Он с силой привлек ее к себе, целуя ее волосы.

– Тише, – попросил он, – если позвонит Звягинцев, отдай конверт ему. – Она вырвалась из его рук.

– Ты иногда меня просто пугаешь, Стас, – сказала она, поправляя прическу.

Когда жена и дочь ушли, он снова впал в состояние какого-то забытья, пока пришедшая медсестра, симпатичная девушка лет двадцати, не разбудила его для укола. Он покорно подставил бок. И когда девушка ушла, натянул спортивный костюм, собираясь в туалет, который находился в палате и куда вела дверь, расположенная напротив его кровати.

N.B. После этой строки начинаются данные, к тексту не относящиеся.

(* (1) If $t\ge2$ and $\mu_B(t)\le u\le1$, then $\mathfrak{e}^B_{t,u}\in\mathcal{E}(\mathcal{P}^{s+}_{3,5})$. (2) If $t\ge2$, $\mu_B(t)\le u<1$ and $f\in\mathcal{P}^{s+}_{3,5}$ satisfies $f(t,1,1)=f(0,u,1)=f_b(0,u,1)=0$, then $f=\lambda\mathfrak{e}^B_{t,u}$ for some $\lambda\ge0$. (3) If $t\ge2$ and $f\in\mathcal{P}^{s+}_{3,5}$ satisfies $f(t,1,1)=f(0,1,1)=f_{bb}(0,1,1)=0$, then $f=\lambda\mathfrak{e}^B_{t,1}$ for some $\lambda\ge0$. (4) $\mathfrak{e}^B_{2,1}=\mathfrak{e}^C_2$.
   Context: Let $a,b,c$ be variables. For nonnegative integers $m,n$ put $S_{m,n}=a^mb^n+b^mc^n+c^ma^n$, $S_n=S_{n,0}=a^n+b^n+c^n$, $T_{m,n}=S_{m,n}+S_{n,m}$, $U=abc$ (so $S_{1,1}=ab+bc+ca$). Let $\mathcal{H}^s_{3,5}$ be the real vector space of symmetric homogeneous polynomials of degree 5 in $\mathbb{R}[a,b,c]$; it has basis $s_0=S_5-US_{1,1}$, $s_1=T_{4,1}-2US_{1,1}$, $s_2=T_{3,2}-2US_{1,1}$, $s_3=US_2-US_{1,1}$, $s_4=US_{1,1}$. Let $\mathcal{P}^{s+}_{3,5}=\{f\in\mathcal{H}^s_{3,5}: f(a,b,c)\ge 0\text{ for all }a,b,c\ge0\}$. For a closed convex cone $\mathcal{P}$, an element $f\in\mathcal{P}\setminus\{0\}$ is extremal if whenever $f=g+h$ with $g,h\in\mathcal{P}$ we have $g,h\in\mathbb{R}_{\ge0}f$; $\mathcal{E}(\mathcal{P})$ is the set of extremal elements. $f_b=\partial f/\partial b$, $f_{bb}=\partial^2f/\partial b^2$. Auxiliary functions: $\mu_R(t)=2-t^2+t\sqrt{(t-1)(t+2)}$, $\mu_B(t)=\tfrac12\big(\mu_R(t)-\sqrt{\mu_R(t)^2-4}\big)$ (for $t\ge2$), $\omega(u)=u+\frac1u-2$. Family B: with $p^B_1(t,w)=-2w-3$, $p^B_2(t,w)=w^2+2w+2$, $p^B_3(t,w)=-\frac{2t^3+4t^2+5t+1}{t^2(t+2)}w^2+\frac{2(4t^2+5t+3)}{t+2}w-\frac{3t^3-7t^2-12t-8}{t+2}$, $p^B_4(t,w)=\frac{(t-1)^3(-w^2-2t^2w+t^2(t-2))}{t^2(t+2)}$, put $\mathfrak{e}^B_{t,u}=s_0+\sum_{i=1}^4p^B_i(t,\omega(u))s_i$. Family C: $\mathfrak{e}^C_t=s_0-(t+1)s_1+ts_2+(t+1)^2s_3$. *)

theory Defs
  imports "HOL-Analysis.Analysis"
begin

type_synonym form3 = "real \<Rightarrow> real \<Rightarrow> real \<Rightarrow> real"

definition Smn :: "nat \<Rightarrow> nat \<Rightarrow> form3" where
  "Smn m n a b c = a^m * b^n + b^m * c^n + c^m * a^n"

definition Sn :: "nat \<Rightarrow> form3" where
  "Sn n = Smn n 0"

definition Tmn :: "nat \<Rightarrow> nat \<Rightarrow> form3" where
  "Tmn m n a b c = Smn m n a b c + Smn n m a b c"

definition U :: form3 where
  "U a b c = a * b * c"

definition sb :: "nat \<Rightarrow> form3" where
  "sb i a b c =
     (if i = 0 then Sn 5 a b c - U a b c * Smn 1 1 a b c
      else if i = 1 then Tmn 4 1 a b c - 2 * U a b c * Smn 1 1 a b c
      else if i = 2 then Tmn 3 2 a b c - 2 * U a b c * Smn 1 1 a b c
      else if i = 3 then U a b c * Sn 2 a b c - U a b c * Smn 1 1 a b c
      else U a b c * Smn 1 1 a b c)"

definition form_of :: "(nat \<Rightarrow> real) \<Rightarrow> form3" where
  "form_of x a b c = (\<Sum>i<5. x i * sb i a b c)"

definition H35 :: "form3 set" where
  "H35 = range form_of"
lemma
  assumes "P \<in> Z \<rightarrow>\<^sub>M prob_algebra V" "Q \<in> Z \<rightarrow>\<^sub>M prob_algebra V" "z \<in> space Z"
  shows nn_integral_eq_mean: "(\<integral>\<^sup>+y. \<integral>\<^sup>+x. \<Phi> (u z) x y \<partial>P z \<partial>Q z) = ennreal (mean P Q z)"
    and nn_integral_swap_kernels:
      "(\<integral>\<^sup>+x. \<integral>\<^sup>+y. \<Phi> (u z) x y \<partial>Q z \<partial>P z) = (\<integral>\<^sup>+y. \<integral>\<^sup>+x. \<Phi> (u z) x y \<partial>P z \<partial>Q z)"
    and mean_unit_interval: "0 \<le> mean P Q z \<and> mean P Q z \<le> 1"
proof -
  have laws: "prob_space (P z)" "sets (P z) = sets V" "prob_space (Q z)" "sets (Q z) = sets V"
    using kernel_prob_space[OF assms(1,3)] kernel_prob_space[OF assms(2,3)] by auto
  have u_z: "u z \<in> space U"
    using measurable_space[OF measurable_u assms(3)] .
  show "(\<integral>\<^sup>+y. \<integral>\<^sup>+x. \<Phi> (u z) x y \<partial>P z \<partial>Q z) = ennreal (mean P Q z)"
    unfolding mean_def using laws \<Phi>_le_1 by (intro nn_integral_iterated_eq_integral measurable_\<Phi>_section u_z)
  show "(\<integral>\<^sup>+x. \<integral>\<^sup>+y. \<Phi> (u z) x y \<partial>Q z \<partial>P z) = (\<integral>\<^sup>+y. \<integral>\<^sup>+x. \<Phi> (u z) x y \<partial>P z \<partial>Q z)"
    using laws by (intro nn_integral_swap_prob measurable_\<Phi>_section u_z)
  show "0 \<le> mean P Q z \<and> mean P Q z \<le> 1"
    unfolding mean_def using laws integral_unit_interval enn2real_\<Phi>_unit_interval
    by (intro integral_unit_interval) blast+
qed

Прыгая на одной ноге, он добрался до туалетной комнаты, где долго приводил себя в порядок. Выйдя из туалета, он заметил, как шевельнулась занавеска: когда он уходил, занавеска была открыта, а теперь ее задернули, словно кто-то решил спрятаться за ней. Он сделал еще несколько прыжков, сел на кровать и осторожно потянулся к подушке – пистолет был на месте. Тяжелый металл приятно холодил ладонь. Чувствуя себя увереннее, он поднял пистолет и уже собирался громко позвать стоявшего за занавеской человека, когда вспомнил об аппаратуре, установленной в палате.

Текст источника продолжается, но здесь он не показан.